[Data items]
#####

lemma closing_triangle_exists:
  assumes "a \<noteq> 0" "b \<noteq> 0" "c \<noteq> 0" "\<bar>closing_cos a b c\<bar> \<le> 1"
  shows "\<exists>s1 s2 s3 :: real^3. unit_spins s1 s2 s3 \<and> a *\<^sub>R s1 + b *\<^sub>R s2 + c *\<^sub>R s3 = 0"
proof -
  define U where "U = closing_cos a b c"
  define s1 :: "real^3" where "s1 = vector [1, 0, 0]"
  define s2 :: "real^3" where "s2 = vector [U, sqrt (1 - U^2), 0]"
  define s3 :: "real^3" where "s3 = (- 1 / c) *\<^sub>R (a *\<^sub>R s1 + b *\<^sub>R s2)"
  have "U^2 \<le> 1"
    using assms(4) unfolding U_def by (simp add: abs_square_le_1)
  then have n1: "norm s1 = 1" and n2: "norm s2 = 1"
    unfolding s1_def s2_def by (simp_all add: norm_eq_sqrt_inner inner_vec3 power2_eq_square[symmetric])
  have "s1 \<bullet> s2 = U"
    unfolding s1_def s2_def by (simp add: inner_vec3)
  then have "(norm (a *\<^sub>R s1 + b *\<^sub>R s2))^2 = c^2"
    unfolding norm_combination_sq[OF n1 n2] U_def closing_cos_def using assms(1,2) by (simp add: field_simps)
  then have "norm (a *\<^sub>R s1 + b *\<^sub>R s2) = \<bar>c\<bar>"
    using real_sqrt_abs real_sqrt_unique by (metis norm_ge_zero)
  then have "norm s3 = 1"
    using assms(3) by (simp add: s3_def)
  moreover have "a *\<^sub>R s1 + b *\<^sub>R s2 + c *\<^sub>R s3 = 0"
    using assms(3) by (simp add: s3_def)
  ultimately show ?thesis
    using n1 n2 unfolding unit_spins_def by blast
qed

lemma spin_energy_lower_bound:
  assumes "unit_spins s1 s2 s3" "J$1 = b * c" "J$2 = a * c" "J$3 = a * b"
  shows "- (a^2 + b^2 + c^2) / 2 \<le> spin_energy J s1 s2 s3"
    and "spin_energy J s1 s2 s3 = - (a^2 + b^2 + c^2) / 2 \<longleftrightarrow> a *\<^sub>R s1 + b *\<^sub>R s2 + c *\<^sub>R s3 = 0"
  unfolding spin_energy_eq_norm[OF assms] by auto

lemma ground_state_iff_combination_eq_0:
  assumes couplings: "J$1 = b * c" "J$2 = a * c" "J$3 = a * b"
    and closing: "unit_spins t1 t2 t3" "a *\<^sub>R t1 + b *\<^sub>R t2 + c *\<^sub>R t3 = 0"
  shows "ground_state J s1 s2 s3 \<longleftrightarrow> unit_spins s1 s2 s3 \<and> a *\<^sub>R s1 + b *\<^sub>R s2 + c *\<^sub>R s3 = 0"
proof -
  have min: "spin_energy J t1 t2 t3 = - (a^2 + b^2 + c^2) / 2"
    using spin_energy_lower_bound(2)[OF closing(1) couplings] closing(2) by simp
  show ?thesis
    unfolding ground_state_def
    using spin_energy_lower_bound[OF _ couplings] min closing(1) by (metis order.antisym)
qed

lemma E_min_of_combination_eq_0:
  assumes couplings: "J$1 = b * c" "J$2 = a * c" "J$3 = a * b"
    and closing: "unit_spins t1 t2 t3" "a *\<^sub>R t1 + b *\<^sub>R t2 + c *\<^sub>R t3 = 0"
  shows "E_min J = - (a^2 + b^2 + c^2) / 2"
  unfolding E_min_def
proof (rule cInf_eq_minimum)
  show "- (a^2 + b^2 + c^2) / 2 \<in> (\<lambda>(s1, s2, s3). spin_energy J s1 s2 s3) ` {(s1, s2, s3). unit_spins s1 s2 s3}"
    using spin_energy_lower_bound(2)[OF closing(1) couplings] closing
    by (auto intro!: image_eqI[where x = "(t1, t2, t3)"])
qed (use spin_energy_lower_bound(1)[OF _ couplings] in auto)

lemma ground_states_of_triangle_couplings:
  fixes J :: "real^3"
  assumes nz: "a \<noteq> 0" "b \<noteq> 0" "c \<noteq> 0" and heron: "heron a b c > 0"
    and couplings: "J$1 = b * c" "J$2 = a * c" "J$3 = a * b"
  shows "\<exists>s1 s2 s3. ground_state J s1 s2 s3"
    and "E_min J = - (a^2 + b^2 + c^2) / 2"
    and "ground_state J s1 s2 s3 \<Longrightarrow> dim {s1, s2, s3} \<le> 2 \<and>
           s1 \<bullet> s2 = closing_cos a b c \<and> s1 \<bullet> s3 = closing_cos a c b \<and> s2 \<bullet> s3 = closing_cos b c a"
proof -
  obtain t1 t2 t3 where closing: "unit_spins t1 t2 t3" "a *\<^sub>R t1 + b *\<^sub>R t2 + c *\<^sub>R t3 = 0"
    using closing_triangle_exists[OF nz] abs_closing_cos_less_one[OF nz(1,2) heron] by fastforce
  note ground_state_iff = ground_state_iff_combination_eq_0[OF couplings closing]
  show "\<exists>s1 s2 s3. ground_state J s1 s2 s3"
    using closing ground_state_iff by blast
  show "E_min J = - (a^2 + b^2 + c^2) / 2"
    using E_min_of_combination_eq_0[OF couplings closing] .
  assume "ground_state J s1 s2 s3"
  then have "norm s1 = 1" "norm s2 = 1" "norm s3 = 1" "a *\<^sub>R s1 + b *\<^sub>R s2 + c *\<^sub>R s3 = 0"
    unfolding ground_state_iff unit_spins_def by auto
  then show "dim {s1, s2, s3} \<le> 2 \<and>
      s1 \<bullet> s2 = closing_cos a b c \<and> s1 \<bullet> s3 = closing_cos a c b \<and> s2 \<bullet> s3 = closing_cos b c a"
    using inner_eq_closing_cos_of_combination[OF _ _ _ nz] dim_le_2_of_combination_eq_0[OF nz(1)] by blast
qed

#####

THE PROBLEM:
Only the lines containing the string "thesis" are needed; pull them out of the records.

SOLUTION BELOW:
  ultimately show ?thesis
  show ?thesis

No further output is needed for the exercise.